____ PROVIDED RECORDS

lemma Least_eq_if_mutually_dominated:
  fixes P Q :: "nat \<Rightarrow> bool"
  assumes "\<And>k. P k \<Longrightarrow> \<exists>j\<le>k. Q j" and "\<And>k. Q k \<Longrightarrow> \<exists>j\<le>k. P j"
  shows "Least P = Least Q"
proof (cases "\<exists>k. P k")
  case True
  then obtain j where "Q j" using assms(1) by blast
  then have "Least Q \<le> Least P" "Least P \<le> Least Q"
    using assms True by (metis LeastI Least_le le_trans)+
  then show ?thesis by simp
next
  case False
  then have "P = Q" using assms by blast
  then show ?thesis by simp
qed

lemma gdist_module_eq:
  assumes "graph_module V adj M" "s \<notin> M" "x \<in> M" "y \<in> M"
  shows "gdist V adj s x = gdist V adj s y"
  unfolding gdist_def
  using reach_module_shortcut[OF assms(1) _ assms(2)] assms(3,4)
  by (intro Least_eq_if_mutually_dominated) blast+

lemma local_resolving_subset: "local_resolving V adj S \<Longrightarrow> S \<subseteq> V"
  unfolding local_resolving_def by blast

lemma local_resolvingD:
  assumes "local_resolving V adj S" "x \<in> V" "y \<in> V" "adj x y"
  obtains s where "s \<in> S" "gdist V adj s x \<noteq> gdist V adj s y"
  using assms unfolding local_resolving_def by blast

lemma local_metric_dim_eqI:
  assumes "finite S" "local_resolving V adj S"
    and "\<And>S'. finite S' \<Longrightarrow> local_resolving V adj S' \<Longrightarrow> card S \<le> card S'"
  shows "local_metric_dim V adj = card S"
  unfolding local_metric_dim_def using assms by (intro Least_equality) blast+

lemma mod_add_right_cancel_nat: "(a + k) mod m = (b + k) mod m \<longleftrightarrow> a mod (m::nat) = b mod m"
  by (simp add: mod_eq_iff_dvd_symdiff_nat)

lemma cyc_adj_rotate:
  assumes "a < m" "b < m"
  shows "cyc_adj m ((a + k) mod m) ((b + k) mod m) \<longleftrightarrow> cyc_adj m a b"
proof -
  have succ: "(y + k) mod m = Suc ((x + k) mod m) mod m \<longleftrightarrow> y = Suc x mod m" if "y < m" for x y
    using mod_add_right_cancel_nat[of y k m "Suc x"] that by (simp add: mod_Suc_eq)
  show ?thesis unfolding cyc_adj_def using succ assms by simp
qed

definition capped_cycle_dist :: "nat \<Rightarrow> nat \<Rightarrow> nat \<Rightarrow> nat" where
  "capped_cycle_dist m c v = (if v = c then 0 else if cyc_adj m c v then 1 else 2)"

text \<open>The window {c-2, c-1, c, c+1} of the cycle C_m.\<close>
definition cycle_window :: "nat \<Rightarrow> nat \<Rightarrow> nat set" where
  "cycle_window m c = (\<lambda>u. (u + c) mod m) ` {0, 1, m - 2, m - 1}"

lemma inj_on_rotate: "inj_on (\<lambda>u. (u + c) mod m) {..<m::nat}"
  unfolding inj_on_def mod_add_right_cancel_nat by simp

lemma capped_cycle_dist_rotate:
  assumes "a < m" "b < m"
  shows "capped_cycle_dist m ((a + k) mod m) ((b + k) mod m) = capped_cycle_dist m a b"
  using assms mod_add_right_cancel_nat[of b k m a]
  by (simp add: capped_cycle_dist_def cyc_adj_rotate)

lemma capped_cycle_dist_0_eq:
  assumes "3 \<le> m" "v < m"
  shows "capped_cycle_dist m 0 v = (if v = 0 then 0 else if v = 1 \<or> v = m - 1 then 1 else 2)"
  using assms by (auto simp: capped_cycle_dist_def cyc_adj_def mod_Suc)

lemma capped_cycle_dist_0_step_differs_iff:
  assumes "4 \<le> m" "v < m"
  shows "capped_cycle_dist m 0 v \<noteq> capped_cycle_dist m 0 (Suc v mod m) \<longleftrightarrow> v \<in> {0, 1, m - 2, m - 1}"
  using assms by (auto simp: capped_cycle_dist_0_eq mod_Suc)
lemma parallel_resultD:
  assumes "parallel_result G r1 g1v g1e r2 g2v g2e C l1 u1 l2 u2"
  defines "N \<equiv> retained_nodes G r1 g1v r2 g2v" and "E \<equiv> retained_edges G r1 g1e r2 g2e"
  shows "nodes C = N \<union> l1 ` new_nodes r1 \<union> l2 ` new_nodes r2"
    "inj_on l1 (new_nodes r1)" "inj_on l2 (new_nodes r2)"
    "N \<inter> l1 ` new_nodes r1 = {}" "N \<inter> l2 ` new_nodes r2 = {}" "l1 ` new_nodes r1 \<inter> l2 ` new_nodes r2 = {}"
    "\<And>z. z \<in> nodes (itf r1) \<Longrightarrow> l1 z = g1v z" "\<And>z. z \<in> nodes (itf r2) \<Longrightarrow> l2 z = g2v z"
    "\<And>x. x \<in> N \<Longrightarrow> nlab C x = nlab G x"
    "\<And>z. z \<in> new_nodes r1 \<Longrightarrow> nlab C (l1 z) = nlab (rhs r1) z"
    "\<And>z. z \<in> new_nodes r2 \<Longrightarrow> nlab C (l2 z) = nlab (rhs r2) z"
    "edges C = E \<union> u1 ` new_edges r1 \<union> u2 ` new_edges r2"
    "inj_on u1 (new_edges r1)" "inj_on u2 (new_edges r2)"
    "E \<inter> u1 ` new_edges r1 = {}" "E \<inter> u2 ` new_edges r2 = {}" "u1 ` new_edges r1 \<inter> u2 ` new_edges r2 = {}"
    "\<And>x. x \<in> E \<Longrightarrow> src C x = src G x \<and> tgt C x = tgt G x \<and> elab C x = elab G x"
    "\<And>z. z \<in> new_edges r1 \<Longrightarrow>
      src C (u1 z) = l1 (src (rhs r1) z) \<and> tgt C (u1 z) = l1 (tgt (rhs r1) z) \<and> elab C (u1 z) = elab (rhs r1) z"
    "\<And>z. z \<in> new_edges r2 \<Longrightarrow>
      src C (u2 z) = l2 (src (rhs r2) z) \<and> tgt C (u2 z) = l2 (tgt (rhs r2) z) \<and> elab C (u2 z) = elab (rhs r2) z"
  using assms(1) unfolding parallel_result_def N_def E_def by (elim conjE; metis)+

lemma parallel_result_iso:
  assumes P: "parallel_result G r1 g1v g1e r2 g2v g2e C l1 u1 l2 u2"
    and P': "parallel_result G r1 g1v g1e r2 g2v g2e C' l1' u1' l2' u2'"
    and K1: "g1v ` nodes (itf r1) \<subseteq> retained_nodes G r1 g1v r2 g2v"
    and K2: "g2v ` nodes (itf r2) \<subseteq> retained_nodes G r1 g1v r2 g2v"
    and ends: "\<And>x. x \<in> retained_edges G r1 g1e r2 g2e \<Longrightarrow>
      src G x \<in> retained_nodes G r1 g1v r2 g2v \<and> tgt G x \<in> retained_nodes G r1 g1v r2 g2v"
    and r1: "wf_rule r1" and r2: "wf_rule r2"
  obtains fv fe where "iso C C' fv fe"
proof -
  note p = parallel_resultD[OF P] and p' = parallel_resultD[OF P']
  obtain fv where fv: "bij_betw fv (nodes C) (nodes C')" and fN: "\<And>x. x \<in> retained_nodes G r1 g1v r2 g2v \<Longrightarrow> fv x = x"
    and f1: "\<And>z. z \<in> new_nodes r1 \<Longrightarrow> fv (l1 z) = l1' z" and f2: "\<And>z. z \<in> new_nodes r2 \<Longrightarrow> fv (l2 z) = l2' z"
    by (rule bij_betw_three_pieces[OF p(2,3) p'(2,3) p(4-6) p'(4-6)]) (simp_all only: p(1) p'(1))
  obtain fe where fe: "bij_betw fe (edges C) (edges C')" and gE: "\<And>x. x \<in> retained_edges G r1 g1e r2 g2e \<Longrightarrow> fe x = x"
    and g1: "\<And>z. z \<in> new_edges r1 \<Longrightarrow> fe (u1 z) = u1' z" and g2: "\<And>z. z \<in> new_edges r2 \<Longrightarrow> fe (u2 z) = u2' z"
    by (rule bij_betw_three_pieces[OF p(13,14) p'(13,14) p(15-17) p'(15-17)]) (simp_all only: p(12) p'(12))
  have f1R: "fv (l1 z) = l1' z" if "z \<in> nodes (rhs r1)" for z
    using that f1 fN K1 p(7) p'(7) by (cases "z \<in> nodes (itf r1)") auto
  have f2R: "fv (l2 z) = l2' z" if "z \<in> nodes (rhs r2)" for z
    using that f2 fN K2 p(8) p'(8) by (cases "z \<in> nodes (itf r2)") auto
  have "morph C C' fv fe"
    unfolding morph_def
  proof (intro conjI ballI)
    fix y assume "y \<in> nodes C"
    then consider "y \<in> retained_nodes G r1 g1v r2 g2v" | z where "z \<in> new_nodes r1" "y = l1 z"
      | z where "z \<in> new_nodes r2" "y = l2 z" using p(1) by blast
    then have "fv y \<in> nodes C' \<and> nlab C' (fv y) = nlab C y"
      by cases (simp_all add: fN f1 f2 p(9-11) p'(1,9-11))
    then show "fv y \<in> nodes C'" "nlab C' (fv y) = nlab C y" by simp_all
  next
    fix y assume "y \<in> edges C"
    then consider (old) "y \<in> retained_edges G r1 g1e r2 g2e" | (new1) z where "z \<in> new_edges r1" "y = u1 z"
      | (new2) z where "z \<in> new_edges r2" "y = u2 z" using p(12) by blast
    then have "fe y \<in> edges C' \<and> src C' (fe y) = fv (src C y) \<and> tgt C' (fe y) = fv (tgt C y) \<and>
      elab C' (fe y) = elab C y"
    proof cases
      case old
      then show ?thesis using gE fN ends p(18) p'(12,18) by simp
    next
      case (new1 z)
      then have "src (rhs r1) z \<in> nodes (rhs r1)" "tgt (rhs r1) z \<in> nodes (rhs r1)"
        using wf_graph_srcD[OF wf_ruleD(3)[OF r1]] wf_graph_tgtD[OF wf_ruleD(3)[OF r1]] by simp_all
      with new1 show ?thesis using g1 f1R p(19) p'(12,19) by simp
    next
      case (new2 z)
      then have "src (rhs r2) z \<in> nodes (rhs r2)" "tgt (rhs r2) z \<in> nodes (rhs r2)"
        using wf_graph_srcD[OF wf_ruleD(3)[OF r2]] wf_graph_tgtD[OF wf_ruleD(3)[OF r2]] by simp_all
      with new2 show ?thesis using g2 f2R p(20) p'(12,20) by simp
    qed
    then show "fe y \<in> edges C'" "src C' (fe y) = fv (src C y)" "tgt C' (fe y) = fv (tgt C y)"
      "elab C' (fe y) = elab C y" by simp_all
  qed
  with fv fe show thesis using that by (simp add: iso_def)
qed

lemma par_indep_match_glued:
  assumes PI: "par_indep r1 g1v g1e r2 g2v g2e" and M1: "is_match r1 G g1v g1e"
    and M2: "is_match r2 G g2v g2e" and r1: "wf_rule r1" and r2: "wf_rule r2" and G: "wf_graph G"
    and A: "glued_rhs (deleted G r1 g1v g1e) r1 hv1 he1 A" and K1: "\<forall>v\<in>nodes (itf r1). hv1 v = g1v v"
  shows "is_match r2 A g2v g2e"
proof -
  let ?D = "deleted G r1 g1v g1e" and ?DV2 = "g2v ` (nodes (lhs r2) - nodes (itf r2))"
  note a = glued_rhsD[OF A] and m2 = matchD[OF M2] and kept = par_indep_match_kept[OF PI M1 M2 r1]
  have sub: "subgraph ?D G" by (auto simp: subgraph_def morph_def)
  have "morph (lhs r2) A g2v g2e"
    using morph_comp[OF morph_into_subgraph[OF m2(1) sub kept] a(2)[unfolded subgraph_def]] by simp
  moreover have "src A e \<notin> ?DV2 \<and> tgt A e \<notin> ?DV2" if e: "e \<in> edges A - g2e ` edges (lhs r2)" for e
  proof (cases "e \<in> edges ?D")
    case True
    then have "src A e = src G e" "tgt A e = tgt G e" "e \<in> edges G" using subgraphD(4,5)[OF a(2)] by simp_all
    then show ?thesis using m2(6,7) e by simp
  next
    case False
    then obtain z where z: "z \<in> new_edges r1" "e = he1 z" using e a(8) by auto
    have "hv1 q \<notin> ?DV2" if q: "q \<in> nodes (rhs r1)" for q
    proof
      assume w: "hv1 q \<in> ?DV2"
      show False
      proof (cases "q \<in> nodes (itf r1)")
        case True
        then have "hv1 q \<in> g1v ` nodes (lhs r1) \<inter> g2v ` nodes (lhs r2)"
          using w K1 wf_ruleD(4)[OF r1] by auto
        then have "hv1 q \<in> g2v ` nodes (itf r2)" using PI by (auto simp: par_indep_def)
        then show False
          using w inj_on_image_set_diff[OF m2(2) Diff_subset wf_ruleD(4)[OF r2]] by simp
      next
        case False
        have "hv1 q \<in> nodes ?D" using w kept(1) by blast
        moreover have "hv1 q \<in> hv1 ` new_nodes r1" using q False by blast
        ultimately show False using a(7) by blast
      qed
    qed
    then show ?thesis
      using z morphD(4,5)[OF a(3)] wf_graph_srcD[OF wf_ruleD(3)[OF r1]] wf_graph_tgtD[OF wf_ruleD(3)[OF r1]]
      by simp
  qed
  ultimately show ?thesis using m2(2,3) unfolding is_match_def by blast
qed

________

Pick every line from the listing holding the string "auto", and copy it.

  using assms by (auto simp: capped_cycle_dist_def cyc_adj_def mod_Suc)
  using assms by (auto simp: capped_cycle_dist_0_eq mod_Suc)
    using that f1 fN K1 p(7) p'(7) by (cases "z \<in> nodes (itf r1)") auto
    using that f2 fN K2 p(8) p'(8) by (cases "z \<in> nodes (itf r2)") auto
  have sub: "subgraph ?D G" by (auto simp: subgraph_def morph_def)
    then obtain z where z: "z \<in> new_edges r1" "e = he1 z" using e a(8) by auto
          using w K1 wf_ruleD(4)[OF r1] by auto
        then have "hv1 q \<in> g2v ` nodes (itf r2)" using PI by (auto simp: par_indep_def)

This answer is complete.